**** Task data ****

text \<open>Main theorem.  Eventually c < \<Delta>_T < 1/\<theta> for some c > 0, i.e. \<theta>\<Delta>_T lies in [\<theta>c, 1],
  so the quotient stays above 1 + \<delta> for a fixed \<delta> > 0.\<close>
theorem theorem5:
  fixes \<theta> :: real and \<Delta> :: "real \<Rightarrow> real"
  assumes "\<theta> > 0"
    and "\<And>T. \<Delta> T > 0"
    and "0 < Liminf at_top (\<lambda>T. ereal (\<Delta> T))"
    and "Limsup at_top (\<lambda>T. ereal (\<Delta> T)) \<le> ereal (1 / (4 * \<theta>))"
  shows "Liminf at_top (\<lambda>T. ereal ((inverse (I0 T \<theta>) + inverse (Iinf T (\<Delta> T) \<theta>))
                                   / inverse (IDelta T (\<Delta> T) \<theta>))) > 1"
proof -
  have "1 / (4 * \<theta>) < 1 / \<theta>" using assms(1) by (simp add: field_simps)
  then have "Limsup at_top (\<lambda>T. ereal (\<Delta> T)) < ereal (1 / \<theta>)"
    by (intro order.strict_trans1[OF assms(4)]) simp
  then obtain c where "c > 0" and between: "\<forall>\<^sub>F T in at_top. c < \<Delta> T \<and> \<Delta> T < 1 / \<theta>"
    using eventually_between_Liminf_Limsup[OF assms(3)] by blast
  define a where "a = \<theta> * c"
  define \<delta> where "\<delta> = a * exp (- 1) * (a / 6)\<^sup>2"
  have "a > 0" "\<delta> > 0" using assms(1) \<open>c > 0\<close> by (simp_all add: a_def \<delta>_def)
  have "\<forall>\<^sub>F T in at_top. ereal (1 + \<delta>) \<le> ereal ((inverse (I0 T \<theta>) + inverse (Iinf T (\<Delta> T) \<theta>))
                                                 / inverse (IDelta T (\<Delta> T) \<theta>))"
    using between eventually_gt_at_top[of 0]
  proof eventually_elim
    case (elim T)
    then have "a \<le> \<theta> * \<Delta> T" "\<theta> * \<Delta> T \<le> 1"
      using assms(1) by (simp_all add: a_def field_simps)
    then show ?case
      using skellam_fisher_gap_uniform[OF \<open>a > 0\<close>] assms(1,2) elim
      by (simp add: information_ratio_eq phi_eq_skellam \<delta>_def)
  qed
  then have "ereal (1 + \<delta>) \<le> Liminf at_top (\<lambda>T. ereal ((inverse (I0 T \<theta>) + inverse (Iinf T (\<Delta> T) \<theta>))
                                   / inverse (IDelta T (\<Delta> T) \<theta>)))"
    by (rule Liminf_bounded)
  moreover have "1 < ereal (1 + \<delta>)" using \<open>\<delta> > 0\<close> by simp
  ultimately show ?thesis by (meson order.strict_trans2)
qed

end
(* Let $G$ be a second countable locally compact Hausdorff groupoid with a fixed left Haar system $\lambda=\{\lambda^u\}_{u\in G^0}$, and let $(\Phi,\Psi)$ be a complementary pair of $N$-functions with $\Phi\in\Delta_2$. For $f\in C_c(G)$, the function $g:G^0\to\mathbb R$, $g(u)=\|f^u\|_\Phi$, where $f^u=f|_{G^u}$ and $\|\cdot\|_\Phi$ is the Orlicz norm on $L^\Phi(G^u)$, is continuous on $G^0$ with compact support.
   Context: $G^0$ is the unit space, $r(x)=xx^{-1}$, $d(x)=x^{-1}x$, $G^u=r^{-1}(u)$. The left Haar system consists of positive Radon measures $\lambda^u$ with support $G^u$ such that $u\mapsto\int f\,d\lambda^u$ is continuous for every $f\in C_c(G)$ and $\int f(xy)d\lambda^{d(x)}(y)=\int f(y)d\lambda^{r(x)}(y)$. An $N$-function is a continuous even convex $\Phi:\mathbb R\to[0,\infty)$ with $\Phi(x)=0$ iff $x=0$, $\Phi(x)/x\to0$ as $x\to0$, $\Phi(x)/x\to\infty$ as $x\to\infty$; complementary function $\Psi(y)=\sup_{x\ge0}(x|y|-\Phi(x))$. $\Phi\in\Delta_2$: there is $k>0$ with $\Phi(2x)\le k\Phi(x)$ for all $x\ge0$ ($G$ non-compact), resp. for all $x\ge x_0$ for some $x_0>0$ ($G$ compact). $L^\Phi(G^u)$ is the space of measurable $h$ on $G^u$ with $\int\Phi(\alpha|h|)d\lambda^u<\infty$ for some $\alpha>0$; its Orlicz norm is $\|h\|_\Phi=\sup\{\int_{G^u}|hk|\,d\lambda^u:\int_{G^u}\Psi(|k|)d\lambda^u\le1\}$. *)

theory Defs
  imports "HOL-Analysis.Analysis"
begin

text \<open>A topological groupoid whose underlying space is the whole type 'a.
  G2 is the set of composable pairs G2, gmult the partial multiplication
  (only meaningful on G2), ginv the inversion.\<close>

definition groupoid :: "('a \<times> 'a) set \<Rightarrow> ('a \<Rightarrow> 'a \<Rightarrow> 'a) \<Rightarrow> ('a \<Rightarrow> 'a) \<Rightarrow> bool" where
  "groupoid G2 gmult ginv \<longleftrightarrow>
     (\<forall>x y z. (x, y) \<in> G2 \<and> (y, z) \<in> G2 \<longrightarrow>
         (gmult x y, z) \<in> G2 \<and> (x, gmult y z) \<in> G2 \<and> gmult (gmult x y) z = gmult x (gmult y z)) \<and>
     (\<forall>x. ginv (ginv x) = x) \<and>
     (\<forall>x. (ginv x, x) \<in> G2) \<and>
     (\<forall>x y. (x, y) \<in> G2 \<longrightarrow> gmult (ginv x) (gmult x y) = y \<and> gmult (gmult x y) (ginv y) = x)"

definition range_map :: "('a \<Rightarrow> 'a \<Rightarrow> 'a) \<Rightarrow> ('a \<Rightarrow> 'a) \<Rightarrow> 'a \<Rightarrow> 'a" where
  "range_map gmult ginv x = gmult x (ginv x)"

definition source_map :: "('a \<Rightarrow> 'a \<Rightarrow> 'a) \<Rightarrow> ('a \<Rightarrow> 'a) \<Rightarrow> 'a \<Rightarrow> 'a" where
  "source_map gmult ginv x = gmult (ginv x) x"

definition unit_space :: "('a \<Rightarrow> 'a \<Rightarrow> 'a) \<Rightarrow> ('a \<Rightarrow> 'a) \<Rightarrow> 'a set" where
  "unit_space gmult ginv = range (range_map gmult ginv)"

text \<open>Second countable locally compact Hausdorff groupoid (second countability and
  the Hausdorff property come from the type classes in the statement).\<close>
definition lc_groupoid :: "('a::topological_space \<times> 'a) set \<Rightarrow> ('a \<Rightarrow> 'a \<Rightarrow> 'a) \<Rightarrow> ('a \<Rightarrow> 'a) \<Rightarrow> bool" where
  "lc_groupoid G2 gmult ginv \<longleftrightarrow>
     groupoid G2 gmult ginv \<and>
     locally_compact_space (euclidean :: 'a topology) \<and>
     continuous_on UNIV ginv \<and>
     continuous_on G2 (\<lambda>p. gmult (fst p) (snd p))"

definition Cc :: "('a::topological_space \<Rightarrow> real) set" where
  "Cc = {f. continuous_on UNIV f \<and> compact (closure {x. f x \<noteq> 0})}"

definition measure_support :: "'a::topological_space measure \<Rightarrow> 'a set" where
  "measure_support M = {x. \<forall>U. open U \<and> x \<in> U \<longrightarrow> emeasure M U > 0}"

text \<open>Positive Radon measure on a second countable LCH space: a locally finite Borel measure
  (regularity is automatic in this setting).\<close>
definition radon_measure :: "'a::topological_space measure \<Rightarrow> bool" where
  "radon_measure M \<longleftrightarrow> sets M = sets borel \<and> (\<forall>K. compact K \<longrightarrow> emeasure M K < \<infinity>)"

definition left_haar_system ::
  "('a::topological_space \<times> 'a) set \<Rightarrow> ('a \<Rightarrow> 'a \<Rightarrow> 'a) \<Rightarrow> ('a \<Rightarrow> 'a) \<Rightarrow> ('a \<Rightarrow> 'a measure) \<Rightarrow> bool" where
  "left_haar_system G2 gmult ginv lam \<longleftrightarrow>
     (\<forall>u \<in> unit_space gmult ginv.
        radon_measure (lam u) \<and>
        measure_support (lam u) = range_map gmult ginv -` {u}) \<and>
     (\<forall>f \<in> Cc. continuous_on (unit_space gmult ginv) (\<lambda>u. integral\<^sup>L (lam u) f)) \<and>
     (\<forall>f \<in> Cc. \<forall>x. (\<integral>y. f (gmult x y) \<partial>lam (source_map gmult ginv x))
                  = (\<integral>y. f y \<partial>lam (range_map gmult ginv x)))"

definition N_function :: "(real \<Rightarrow> real) \<Rightarrow> bool" where
  "N_function \<Phi> \<longleftrightarrow>
     continuous_on UNIV \<Phi> \<and> (\<forall>x. \<Phi> (- x) = \<Phi> x) \<and> convex_on UNIV \<Phi> \<and>
     (\<forall>x. \<Phi> x \<ge> 0) \<and> (\<forall>x. \<Phi> x = 0 \<longleftrightarrow> x = 0) \<and>
     ((\<lambda>x. \<Phi> x / x) \<longlongrightarrow> 0) (at 0) \<and>
     filterlim (\<lambda>x. \<Phi> x / x) at_top at_top"

definition complementary_function :: "(real \<Rightarrow> real) \<Rightarrow> real \<Rightarrow> real" where
  "complementary_function \<Phi> y = (SUP x\<in>{0..}. x * \<bar>y\<bar> - \<Phi> x)"

definition Delta2 :: "bool \<Rightarrow> (real \<Rightarrow> real) \<Rightarrow> bool" where
  "Delta2 G_compact \<Phi> \<longleftrightarrow>
     (if G_compact then (\<exists>k>0. \<exists>x0>0. \<forall>x\<ge>x0. \<Phi> (2 * x) \<le> k * \<Phi> x)
      else (\<exists>k>0. \<forall>x\<ge>0. \<Phi> (2 * x) \<le> k * \<Phi> x))"
(* Let $T_1$ and $T_2$ be $\pi$-increasing trees with disjoint vertex-sets, with $T_1$ irreducible. For $i=1,2$, let $m_i$ be the maximum element of $V(T_i)$. Let $v_2$ be a vertex of $T_2$ with $v_2<m_1$, and let $T=\mathrm{spl}(T_1,m_1;T_2,v_2)$. (a) If $m_1>m_2$, then $T$ is reducible; more precisely, $G_{m_1}(T)$ is the disjoint union $G_{m_1}(T_1)\sqcup G_{v_2}(T_2)$. (b) If $m_1<m_2$ and $T_2$ is irreducible, then $T$ is irreducible.
   Context: Standing assumptions: $r\ge2$ and $\pi$ is a set partition of $\{1,\dots,r\}$ having $\{1\}$ as a block; its blocks are $\pi_1,\dots,\pi_k$ with maxima $\mu_i=\max\pi_i$; $\pi^x$ denotes the block containing $x$. An unordered increasing tree is a rooted tree on distinct positive integers, sons unordered, each son larger than its father. A $\pi$-increasing tree is an unordered increasing tree $T$ whose vertex-set is a union of blocks of $\pi$ and such that for any two elements $i<j$ of a same block of $\pi$ contained in $V(T)$, $i$ is an ancestor of $j$ in $T$. $v$-decomposition: for a vertex $v$ of $T$ with chain $a_1<\dots<a_\ell=v$ from the root to $v$, removing the chain edges leaves components $T^{(a_j)}$ rooted at $a_j$. Splice: for unordered increasing trees $T_1,T_2$ with disjoint vertex-sets and $v_1\in V(T_1)$, $v_2\in V(T_2)$, $v_1>v_2$, $\mathrm{spl}(T_1,v_1;T_2,v_2)$ is the tree on $V(T_1)\cup V(T_2)$ obtained by merging the root-to-$v_1$ chain of $T_1$ and the root-to-$v_2$ chain of $T_2$ into one increasing chain (root = smallest element, ending at $v_1$) and attaching at each chain vertex its component from the $v_1$-decomposition of $T_1$ or the $v_2$-decomposition of $T_2$. $v$-dependence graph $G_v(T)$ of a $\pi$-increasing tree $T$: directed graph whose vertices are the blocks of $\pi$ contained in $V(T)$; for each such block $\pi_i$ whose maximum $\mu_i$ is not on the chain $a_1,\dots,a_\ell$ from the root to $v$, $\mu_i$ is a non-root vertex of a unique $T^{(a_j)}$ and there is an edge (possibly a loop) from $\pi_i$ to $\pi^{a_j}$; no other edges. A $\pi$-increasing tree with maximum vertex $M$ is irreducible if $G_M(T)$ is connected (ignoring directions), reducible otherwise. *)

theory Defs
  imports Main
begin

definition set_partition :: "nat \<Rightarrow> nat set set \<Rightarrow> bool" where
  "set_partition r P \<longleftrightarrow> \<Union>P = {1..r} \<and> (\<forall>B\<in>P. B \<noteq> {}) \<and>
     (\<forall>B\<in>P. \<forall>B'\<in>P. B \<noteq> B' \<longrightarrow> B \<inter> B' = {})"

definition blk :: "nat set set \<Rightarrow> nat \<Rightarrow> nat set" where
  "blk P x = (THE B. B \<in> P \<and> x \<in> B)"

text \<open>An unordered increasing tree is represented by its (finite, nonempty) vertex set V of
  positive integers and a parent function par; the root is Min V, and every non-root vertex
  has its father in V, smaller than itself.\<close>
definition increasing_tree :: "nat set \<Rightarrow> (nat \<Rightarrow> nat) \<Rightarrow> bool" where
  "increasing_tree V par \<longleftrightarrow> finite V \<and> V \<noteq> {} \<and> 0 \<notin> V \<and>
     (\<forall>y\<in>V. y \<noteq> Min V \<longrightarrow> par y \<in> V \<and> par y < y)"

definition tedges :: "nat set \<Rightarrow> (nat \<Rightarrow> nat) \<Rightarrow> (nat \<times> nat) set" where
  "tedges V par = {(par y, y) | y. y \<in> V \<and> y \<noteq> Min V}"

definition anc :: "nat set \<Rightarrow> (nat \<Rightarrow> nat) \<Rightarrow> nat \<Rightarrow> nat \<Rightarrow> bool" where
  "anc V par a x \<longleftrightarrow> (a, x) \<in> (tedges V par)\<^sup>+"

definition chain :: "nat set \<Rightarrow> (nat \<Rightarrow> nat) \<Rightarrow> nat \<Rightarrow> nat set" where
  "chain V par v = {a. a = v \<or> anc V par a v}"

text \<open>In the v-decomposition, the chain vertex a_j such that x lies in the component T^(a_j):
  the deepest vertex of the root-to-v chain which is an ancestor of (or equal to) x.\<close>
definition comp_root :: "nat set \<Rightarrow> (nat \<Rightarrow> nat) \<Rightarrow> nat \<Rightarrow> nat \<Rightarrow> nat" where
  "comp_root V par v x = Max (chain V par v \<inter> chain V par x)"

definition pi_increasing :: "nat set set \<Rightarrow> nat set \<Rightarrow> (nat \<Rightarrow> nat) \<Rightarrow> bool" where
  "pi_increasing P V par \<longleftrightarrow> increasing_tree V par \<and>
     V = \<Union>{B \<in> P. B \<subseteq> V} \<and>
     (\<forall>B\<in>P. B \<subseteq> V \<longrightarrow> (\<forall>i\<in>B. \<forall>j\<in>B. i < j \<longrightarrow> anc V par i j))"

definition dg_vert :: "nat set set \<Rightarrow> nat set \<Rightarrow> nat set set" where
  "dg_vert P V = {B \<in> P. B \<subseteq> V}"

definition dg_edges :: "nat set set \<Rightarrow> nat set \<Rightarrow> (nat \<Rightarrow> nat) \<Rightarrow> nat \<Rightarrow> (nat set \<times> nat set) set" where
  "dg_edges P V par v =
     {(B, blk P (comp_root V par v (Max B))) | B. B \<in> P \<and> B \<subseteq> V \<and> Max B \<notin> chain V par v}"

definition dg_connected :: "nat set set \<Rightarrow> (nat set \<times> nat set) set \<Rightarrow> bool" where
  "dg_connected Vs Es \<longleftrightarrow> (\<forall>B\<in>Vs. \<forall>B'\<in>Vs. (B, B') \<in> (Es \<union> Es\<inverse>)\<^sup>*)"

definition irreducible :: "nat set set \<Rightarrow> nat set \<Rightarrow> (nat \<Rightarrow> nat) \<Rightarrow> bool" where
  "irreducible P V par \<longleftrightarrow> pi_increasing P V par \<and>
     dg_connected (dg_vert P V) (dg_edges P V par (Max V))"

definition reducible :: "nat set set \<Rightarrow> nat set \<Rightarrow> (nat \<Rightarrow> nat) \<Rightarrow> bool" where
  "reducible P V par \<longleftrightarrow> pi_increasing P V par \<and>
     \<not> dg_connected (dg_vert P V) (dg_edges P V par (Max V))"

text \<open>Splice spl(T1,v1;T2,v2): vertex set V1 \<union> V2; the merged chain C is the union of the two
  root-to-v chains, each chain vertex gets its predecessor in C as father; every other vertex keeps
  its father (components of the decompositions are attached unchanged).\<close>
definition spl_par :: "nat set \<Rightarrow> (nat \<Rightarrow> nat) \<Rightarrow> nat \<Rightarrow> nat set \<Rightarrow> (nat \<Rightarrow> nat) \<Rightarrow> nat \<Rightarrow> nat \<Rightarrow> nat" where
  "spl_par V1 p1 v1 V2 p2 v2 x =
     (let C = chain V1 p1 v1 \<union> chain V2 p2 v2 in
      if x \<in> C then Max {c \<in> C. c < x}
      else if x \<in> V1 then p1 x else p2 x)"

end

theory Submission
  imports Defs
begin

text \<open>Splicing merges the two root chains and leaves every other father unchanged. Hence in
  \<open>T\<close> the chain to a vertex \<open>x\<close> of \<open>T\<^sub>1\<close> is its chain in \<open>T\<^sub>1\<close> together with the vertices of
  the chain to \<open>v\<^sub>2\<close> lying below \<open>c\<^sub>1(x)\<close>, the point where the chain to \<open>x\<close> leaves the chain
  to \<open>m\<^sub>1\<close>. Consequently the component root of \<open>x\<close> in the \<open>w\<close>-decomposition of \<open>T\<close> is the one
  of \<open>T\<^sub>1\<close> when \<open>w\<close> lies in \<open>T\<^sub>1\<close>, and \<open>min (c\<^sub>1(x)) (c\<^sub>2(w))\<close> when \<open>w\<close> lies in \<open>T\<^sub>2\<close>.

  (a) If \<open>m\<^sub>2 < m\<^sub>1\<close>, the chain to \<open>m\<^sub>1\<close> in \<open>T\<close> is the merged chain, so the edges of
  \<open>G\<^sub>m\<^sub>1(T)\<close> are those of \<open>G\<^sub>m\<^sub>1(T\<^sub>1)\<close> and \<open>G\<^sub>v\<^sub>2(T\<^sub>2)\<close>, and none of them joins a block of
  \<open>T\<^sub>1\<close> to a block of \<open>T\<^sub>2\<close>.

  (b) If \<open>m\<^sub>1 < m\<^sub>2\<close>, let \<open>c = c\<^sub>2(m\<^sub>2) \<le> v\<^sub>2 < m\<^sub>1\<close>. The edges of \<open>G\<^sub>m\<^sub>2(T\<^sub>2)\<close> survive in
  \<open>G\<^sub>m\<^sub>2(T)\<close>, and each block of \<open>T\<^sub>1\<close> either keeps its edge of \<open>G\<^sub>m\<^sub>1(T\<^sub>1)\<close> or is redirected
  to the block of \<open>c\<close>. The block of \<open>m\<^sub>1\<close> is redirected, and moving along an edge of
  \<open>G\<^sub>m\<^sub>1(T\<^sub>1)\<close> preserves being joined to the block of \<open>c\<close>; so irreducibility of \<open>T\<^sub>1\<close> and
  \<open>T\<^sub>2\<close> joins every block of \<open>T\<close> to the block of \<open>c\<close>.\<close>

lemma anc_iff_parent:
  "anc V par a x \<longleftrightarrow> x \<in> V \<and> x \<noteq> Min V \<and> (a = par x \<or> anc V par a (par x))"
proof
  assume "anc V par a x"
  then have "(a, x) \<in> (tedges V par)\<^sup>+" by (simp add: anc_def)
  then show "x \<in> V \<and> x \<noteq> Min V \<and> (a = par x \<or> anc V par a (par x))"
  proof (cases rule: tranclE)
    case base then show ?thesis by (auto simp: tedges_def)
  next
    case (step c) then show ?thesis by (auto simp: tedges_def anc_def)
  qed
next
  assume h: "x \<in> V \<and> x \<noteq> Min V \<and> (a = par x \<or> anc V par a (par x))"
  then have "(par x, x) \<in> tedges V par" by (auto simp: tedges_def)
  with h show "anc V par a x"
    unfolding anc_def by (auto intro: trancl_into_trancl)
qed

lemma mem_chain_iff: "a \<in> chain V par v \<longleftrightarrow> a = v \<or> anc V par a v"
  by (simp add: chain_def)

lemma comp_root_eqI:
  assumes "finite (chain V par u)" "c \<in> chain V par u" "c \<in> chain V par x"
    "\<And>d. d \<in> chain V par u \<Longrightarrow> d \<in> chain V par x \<Longrightarrow> d \<le> c"
  shows "comp_root V par u x = c"
  unfolding comp_root_def using assms by (intro Max_eqI) auto

lemma mem_dg_edges_iff:
  "(X, Y) \<in> dg_edges P V par v \<longleftrightarrow> X \<in> P \<and> X \<subseteq> V \<and> Max X \<notin> chain V par v \<and>
     Y = blk P (comp_root V par v (Max X))"
  by (auto simp: dg_edges_def)

lemma chain_cong:
  assumes "\<And>y. y \<in> V \<Longrightarrow> p y = q y"
  shows "chain V p = chain V q"
proof -
  have "tedges V p = tedges V q" using assms by (auto simp: tedges_def)
  then show ?thesis by (intro ext) (simp add: chain_def anc_def)
qed

lemma comp_root_cong:
  assumes "\<And>y. y \<in> V \<Longrightarrow> p y = q y"
  shows "comp_root V p = comp_root V q"
proof -
  have "chain V p = chain V q" using assms by (rule chain_cong)
  then show ?thesis by (intro ext) (simp add: comp_root_def)
qed

locale itree =
  fixes V :: "nat set" and par :: "nat \<Rightarrow> nat"
  assumes increasing: "increasing_tree V par"
begin

lemma finite_vertices: "finite V" and vertices_nonempty: "V \<noteq> {}" and zero_notin_vertices: "0 \<notin> V"
  using increasing by (auto simp: increasing_tree_def)

lemma par_mem_less: "y \<in> V \<Longrightarrow> y \<noteq> Min V \<Longrightarrow> par y \<in> V \<and> par y < y"
  using increasing by (auto simp: increasing_tree_def)
lemma commuting_multiples_subspace:
  assumes alg: "is_algebra scale"
  shows "module.subspace scale ((\<lambda>s. a * s) ` {s \<in> corner p. x * s = s * x})"
  unfolding module.subspace_def[OF is_algebraD(1)[OF alg]]
proof (intro conjI ballI allI)
  show "0 \<in> (\<lambda>s. a * s) ` {s \<in> corner p. x * s = s * x}"
    by (rule image_eqI[of _ _ 0]) (simp_all add: in_corner_iff)
next
  fix u v assume "u \<in> (\<lambda>s. a * s) ` {s \<in> corner p. x * s = s * x}"
    "v \<in> (\<lambda>s. a * s) ` {s \<in> corner p. x * s = s * x}"
  then obtain s t where "u = a * s" "v = a * t" "s \<in> corner p" "t \<in> corner p"
      "x * s = s * x" "x * t = t * x"
    by blast
  then show "u + v \<in> (\<lambda>s. a * s) ` {s \<in> corner p. x * s = s * x}"
    by (intro image_eqI[of _ _ "s + t"]) (simp_all add: in_corner_iff ring_distribs)
next
  fix c u assume "u \<in> (\<lambda>s. a * s) ` {s \<in> corner p. x * s = s * x}"
  then show "scale c u \<in> (\<lambda>s. a * s) ` {s \<in> corner p. x * s = s * x}"
    using is_algebraD(2,3)[OF alg]
    by (auto simp: in_corner_iff intro!: image_eqI[where x = "scale c _"]) (metis)+
qed

lemma (in vector_space) exists_in_span_of_later_terms:
  assumes B: "finite B" and v: "\<And>i. v i \<in> span B"
  shows "\<exists>j \<le> card B. v j \<in> span (v ` {Suc j..card B})"
proof (rule ccontr)
  assume none: "\<not> ?thesis"
  have "independent (v ` {card B + 1 - d..card B}) \<and> card (v ` {card B + 1 - d..card B}) = d"
    if "d \<le> card B + 1" for d
    using that
  proof (induction d)
    case 0
    then show ?case by (simp add: independent_empty)
  next
    case (Suc d)
    define j where "j = card B - d"
    have j: "j \<le> card B" "card B + 1 - d = Suc j" "card B + 1 - Suc d = j"
      using Suc.prems unfolding j_def by auto
    have "v ` {j..card B} = insert (v j) (v ` {Suc j..card B})"
      using j(1) by (simp add: atLeastAtMost_insertL[symmetric])
    moreover have "v j \<notin> span (v ` {Suc j..card B})" using none j(1) by blast
    ultimately show ?case
      using Suc j independent_insertI span_base by (auto simp: card_insert_if)
  qed
  from this[of "card B + 1"]
  have "independent (v ` {0..card B})" "card (v ` {0..card B}) = card B + 1" by simp_all
  moreover have "v ` {0..card B} \<subseteq> span B" using v by blast
  ultimately show False using independent_span_bound[OF B] by fastforce
qed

****

What you have to do:
Your task is to set down again, exactly, every line from the beginning of the listing through the line with "T) \<theta>))) >".

Completed task:
text \<open>Main theorem.  Eventually c < \<Delta>_T < 1/\<theta> for some c > 0, i.e. \<theta>\<Delta>_T lies in [\<theta>c, 1],
  so the quotient stays above 1 + \<delta> for a fixed \<delta> > 0.\<close>
theorem theorem5:
  fixes \<theta> :: real and \<Delta> :: "real \<Rightarrow> real"
  assumes "\<theta> > 0"
    and "\<And>T. \<Delta> T > 0"
    and "0 < Liminf at_top (\<lambda>T. ereal (\<Delta> T))"
    and "Limsup at_top (\<lambda>T. ereal (\<Delta> T)) \<le> ereal (1 / (4 * \<theta>))"
  shows "Liminf at_top (\<lambda>T. ereal ((inverse (I0 T \<theta>) + inverse (Iinf T (\<Delta> T) \<theta>))
                                   / inverse (IDelta T (\<Delta> T) \<theta>))) > 1"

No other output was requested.